definition LARGE :: "'e set \<Rightarrow> nat \<Rightarrow> real \<Rightarrow> ('e \<Rightarrow> real) \<Rightarrow> 'e set" where
  "LARGE E l \<beta> x = {e \<in> E. x e \<ge> 1 / (4 * real l * \<beta>)}"

end

theory Submission
  imports Defs "HOL-Library.Transitive_Closure_Table"
begin

text \<open>Let M be the set of tree edges whose paths use an edge of F. If a component Q of H - F is
  shattered, two of its leaves are separated in the tree minus M, hence (the tree having no
  cycles) already by removing a single edge f \<in> M. The leaf side X of f then splits Q, so some
  edge of H - F inside Q lies in \<delta>(X), and it carries capacity 1/(4 l \<beta>). Distinct components
  own distinct such edges, whence |shattered| / (4 l \<beta>) \<le> \<Sum>f\<in>M xtilde(\<delta>(X f)) = \<Sum>f\<in>M y f \<le> 1/2.\<close>

definition edge_rel :: "'e set \<Rightarrow> ('e \<Rightarrow> 'v set) \<Rightarrow> ('v \<times> 'v) set" where
  "edge_rel Ed ends = {(a, b). \<exists>e\<in>Ed. ends e = {a, b}}"

lemma reach_iff_edge_rel: "reach N Ed ends u v \<longleftrightarrow> u \<in> N \<and> (u, v) \<in> (edge_rel Ed ends)\<^sup>*"
  by (simp add: reach_def edge_rel_def)

lemma sym_edge_rel: "sym (edge_rel Ed ends)"
  by (auto simp: edge_rel_def insert_commute intro: symI)

lemma edge_rel_rtrancl_sym: "(a, b) \<in> (edge_rel Ed ends)\<^sup>* \<Longrightarrow> (b, a) \<in> (edge_rel Ed ends)\<^sup>*"
  using sym_rtrancl[OF sym_edge_rel] by (rule symD)

lemma edge_rel_rtrancl_mono: "Ed \<subseteq> Ed' \<Longrightarrow> (edge_rel Ed ends)\<^sup>* \<subseteq> (edge_rel Ed' ends)\<^sup>*"
  by (rule rtrancl_mono) (auto simp: edge_rel_def)

lemma edge_rel_rtrancl_remove_edge:
  assumes "(a, b) \<in> (edge_rel Ed ends)\<^sup>*" "ends f = {p, q}"
  shows "(a, b) \<in> (edge_rel (Ed - {f}) ends)\<^sup>* \<or>
    (a, p) \<in> (edge_rel (Ed - {f}) ends)\<^sup>* \<and> (q, b) \<in> (edge_rel (Ed - {f}) ends)\<^sup>* \<or>
    (a, q) \<in> (edge_rel (Ed - {f}) ends)\<^sup>* \<and> (p, b) \<in> (edge_rel (Ed - {f}) ends)\<^sup>*"
  using assms(1)
proof (induction rule: rtrancl_induct)
  case (step y z)
  from step.hyps(2) obtain e where e: "e \<in> Ed" "ends e = {y, z}" by (auto simp: edge_rel_def)
  show ?case
  proof (cases "e = f")
    case True
    then have "{y, z} = {p, q}" using e(2) assms(2) by simp
    then have "y = p \<and> z = q \<or> y = q \<and> z = p" by (simp only: doubleton_eq_iff)
    then show ?thesis using step.IH by auto
  next
    case False
    then have "(y, z) \<in> edge_rel (Ed - {f}) ends" using e by (auto simp: edge_rel_def)
    then show ?thesis using step.IH by (meson rtrancl_into_rtrancl)
  qed
qed simp

lemma rtrancl_path_edge_rel_edges:
  assumes "rtrancl_path (\<lambda>a b. (a, b) \<in> edge_rel Ed ends) x xs y"
  shows "\<exists>es. length es = length xs \<and> set es \<subseteq> Ed \<and>
    (\<forall>i<length xs. ends (es ! i) = {(x # xs) ! i, (x # xs) ! Suc i})"
  using assms
proof (induction rule: rtrancl_path.induct)
  case (step x y ys z)
  then obtain es where es: "length es = length ys" "set es \<subseteq> Ed"
    "\<forall>i<length ys. ends (es ! i) = {(y # ys) ! i, (y # ys) ! Suc i}"
    by blast
  obtain e where e: "e \<in> Ed" "ends e = {x, y}" using step.hyps(1) by (auto simp: edge_rel_def)
  have "\<forall>i<length (y # ys). ends ((e # es) ! i) = {(x # y # ys) ! i, (x # y # ys) ! Suc i}"
  proof (intro allI impI)
    fix i assume "i < length (y # ys)"
    then show "ends ((e # es) ! i) = {(x # y # ys) ! i, (x # y # ys) ! Suc i}"
      using es(3) e(2) by (cases i) simp_all
  qed
  then show ?case using es e by (intro exI[of _ "e # es"]) simp
qed simp

lemma edge_rel_rtrancl_simple_walk:
  assumes "(u, v) \<in> (edge_rel Ed ends)\<^sup>*"
  obtains vs es where "length vs = Suc (length es)" "hd vs = u" "last vs = v" "distinct vs"
    "set es \<subseteq> Ed" "\<forall>i<length es. ends (es ! i) = {vs ! i, vs ! Suc i}"
proof -
  let ?r = "\<lambda>a b. (a, b) \<in> edge_rel Ed ends"
  obtain xs where "rtrancl_path ?r u xs v"
    using assms rtranclp_eq_rtrancl_path[of ?r] by (auto simp: rtrancl_def)
  then obtain xs' where xs': "rtrancl_path ?r u xs' v" "distinct (u # xs')"
    by (rule rtrancl_path_distinct)
  obtain es where "length es = length xs'" "set es \<subseteq> Ed"
    "\<forall>i<length xs'. ends (es ! i) = {(u # xs') ! i, (u # xs') ! Suc i}"
    using rtrancl_path_edge_rel_edges[OF xs'(1)] by blast
  moreover have "last (u # xs') = v"
  proof (cases "xs' = []")
    case True
    then show ?thesis using xs'(1) by (auto elim: rtrancl_path.cases)
  next
    case False
    then show ?thesis using rtrancl_path_last[OF xs'(1)] by simp
  qed
  ultimately show thesis using that[of "u # xs'" es] xs'(2) by simp
qed

lemma distinct_edges_of_distinct_walk:
  assumes vs: "distinct vs" "length vs = Suc (length es)"
    and es: "\<forall>i<length es. ends (es ! i) = {vs ! i, vs ! Suc i}"
  shows "distinct es"
proof -
  have ne: "es ! i \<noteq> es ! j" if "i < j" "j < length es" for i j
  proof -
    have "vs ! i \<noteq> vs ! j" "vs ! i \<noteq> vs ! Suc j"
      using nth_eq_iff_index_eq[OF vs(1)] vs(2) that by auto
    moreover have "ends (es ! i) = {vs ! i, vs ! Suc i}" "ends (es ! j) = {vs ! j, vs ! Suc j}"
      using es that by simp_all
    ultimately show ?thesis by force
  qed
  show ?thesis
  proof (rule distinct_conv_nth[THEN iffD2], intro allI impI)
    fix i j assume "i < length es" "j < length es" "i \<noteq> j"
    then show "es ! i \<noteq> es ! j" using ne[of i j] ne[of j i] by (metis linorder_neqE_nat)
  qed
qed

text \<open>In a graph without cycles every edge is a bridge: a walk avoiding f between its
  endpoints would close a cycle with f.\<close>
lemma acyclic_edge_endpoints_disconnected:
  assumes acyc: "\<not> (\<exists>es. is_cycle TE te es)" and f: "f \<in> TE" "te f = {p, q}" "p \<noteq> q"
  shows "(p, q) \<notin> (edge_rel (TE - {f}) te)\<^sup>*"
proof
  assume "(p, q) \<in> (edge_rel (TE - {f}) te)\<^sup>*"
  then obtain vs es where w: "length vs = Suc (length es)" "hd vs = p" "last vs = q"
    "distinct vs" "set es \<subseteq> TE - {f}" "\<forall>i<length es. te (es ! i) = {vs ! i, vs ! Suc i}"
    by (rule edge_rel_rtrancl_simple_walk)
  obtain ws where vs: "vs = p # ws" "ws \<noteq> []"
    using w(1-3) f(3) by (cases vs) (auto split: if_splits)
  have "is_cycle TE te (f # es)"
    unfolding is_cycle_def
  proof (intro conjI exI[of _ "q # vs"])
    show "distinct (f # es)"
      using distinct_edges_of_distinct_walk[OF w(4,1,6)] w(5) by auto
    show "hd (q # vs) = last (q # vs)" using w(3) vs by simp
    show "\<forall>i<length (f # es). te ((f # es) ! i) = {(q # vs) ! i, (q # vs) ! Suc i}"
    proof (intro allI impI)
      fix i assume "i < length (f # es)"
      then show "te ((f # es) ! i) = {(q # vs) ! i, (q # vs) ! Suc i}"
        using w(6) f(2) vs(1) by (cases i) (auto simp: insert_commute)
    qed
  qed (use w(1,4,5) f(1) in auto)
  then show False using acyc by blast
qed

lemma edge_endpoint_reaches_one_side:
  assumes a: "(u, a) \<in> (edge_rel Ed ends)\<^sup>*" and b: "(u, b) \<in> (edge_rel Ed ends)\<^sup>*"
    and f: "ends f = {u, w}" and sep: "(a, b) \<notin> (edge_rel (Ed - {f}) ends)\<^sup>*"
  shows "(u, a) \<in> (edge_rel (Ed - {f}) ends)\<^sup>* \<longleftrightarrow> (u, b) \<notin> (edge_rel (Ed - {f}) ends)\<^sup>*"
proof -
  let ?R = "edge_rel (Ed - {f}) ends"
  have no_common: "\<not> ((v, a) \<in> ?R\<^sup>* \<and> (v, b) \<in> ?R\<^sup>*)" for v
    using sep by (meson edge_rel_rtrancl_sym rtrancl_trans)
  have far_end: "(w, z) \<in> ?R\<^sup>*"
    if z: "(u, z) \<in> (edge_rel Ed ends)\<^sup>*" "(u, z) \<notin> ?R\<^sup>*" for z
    using edge_rel_rtrancl_remove_edge[OF z(1) f] z(2) by blast
  show ?thesis
    using no_common[of u] no_common[of w] far_end[OF a] far_end[OF b] by blast
qed

lemma tree_separating_edge:
  assumes tree: "is_tree N TE te" and R: "finite R" and ab: "a \<in> N" "b \<in> N"
    and "(a, b) \<notin> (edge_rel (TE - R) te)\<^sup>*"
  shows "\<exists>f\<in>R. (a, b) \<notin> (edge_rel (TE - {f}) te)\<^sup>*"
  using R \<open>(a, b) \<notin> _\<close>
proof (induction R rule: finite_induct)
  case empty
  then show ?case using tree ab by (auto simp: is_tree_def reach_iff_edge_rel)
next
  case (insert f R)
  let ?R = "edge_rel (TE - R - {f}) te" and ?Rf = "edge_rel (TE - {f}) te"
  show ?case
  proof (cases "(a, b) \<in> (edge_rel (TE - R) te)\<^sup>*")
    case False
    then show ?thesis using insert.IH by blast
  next
    case True
    have "TE - insert f R = TE - R - {f}" by blast
    then have sep: "(a, b) \<notin> ?R\<^sup>*" using insert.prems by simp
    have "f \<in> TE"
    proof (rule ccontr)
      assume "f \<notin> TE"
      then have "TE - R - {f} = TE - R" by blast
      then show False using True sep by simp
    qed
    then have "card (te f) = 2" using tree by (simp add: is_tree_def wf_graph_def)
    then obtain p q where pq: "te f = {p, q}" "p \<noteq> q" by (auto simp: card_2_iff)
    have "?R\<^sup>* \<subseteq> ?Rf\<^sup>*" by (rule edge_rel_rtrancl_mono) blast
    then have "(a, p) \<in> ?Rf\<^sup>* \<and> (q, b) \<in> ?Rf\<^sup>* \<or> (a, q) \<in> ?Rf\<^sup>* \<and> (p, b) \<in> ?Rf\<^sup>*"
      using edge_rel_rtrancl_remove_edge[OF True pq(1)] sep by blast
    moreover have "(p, q) \<notin> ?Rf\<^sup>*"
      using acyclic_edge_endpoints_disconnected[of TE te, OF _ \<open>f \<in> TE\<close> pq] tree
      by (simp add: is_tree_def)
    ultimately have "(a, b) \<notin> ?Rf\<^sup>*"
      by (meson edge_rel_rtrancl_sym rtrancl_trans)
    then show ?thesis by blast
  qed
qed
──────────────────────────────
**TASK INSTRUCTIONS**
Your reply should be a single number: how many lines in the listing above include the string "assumes".

**RESULT**
7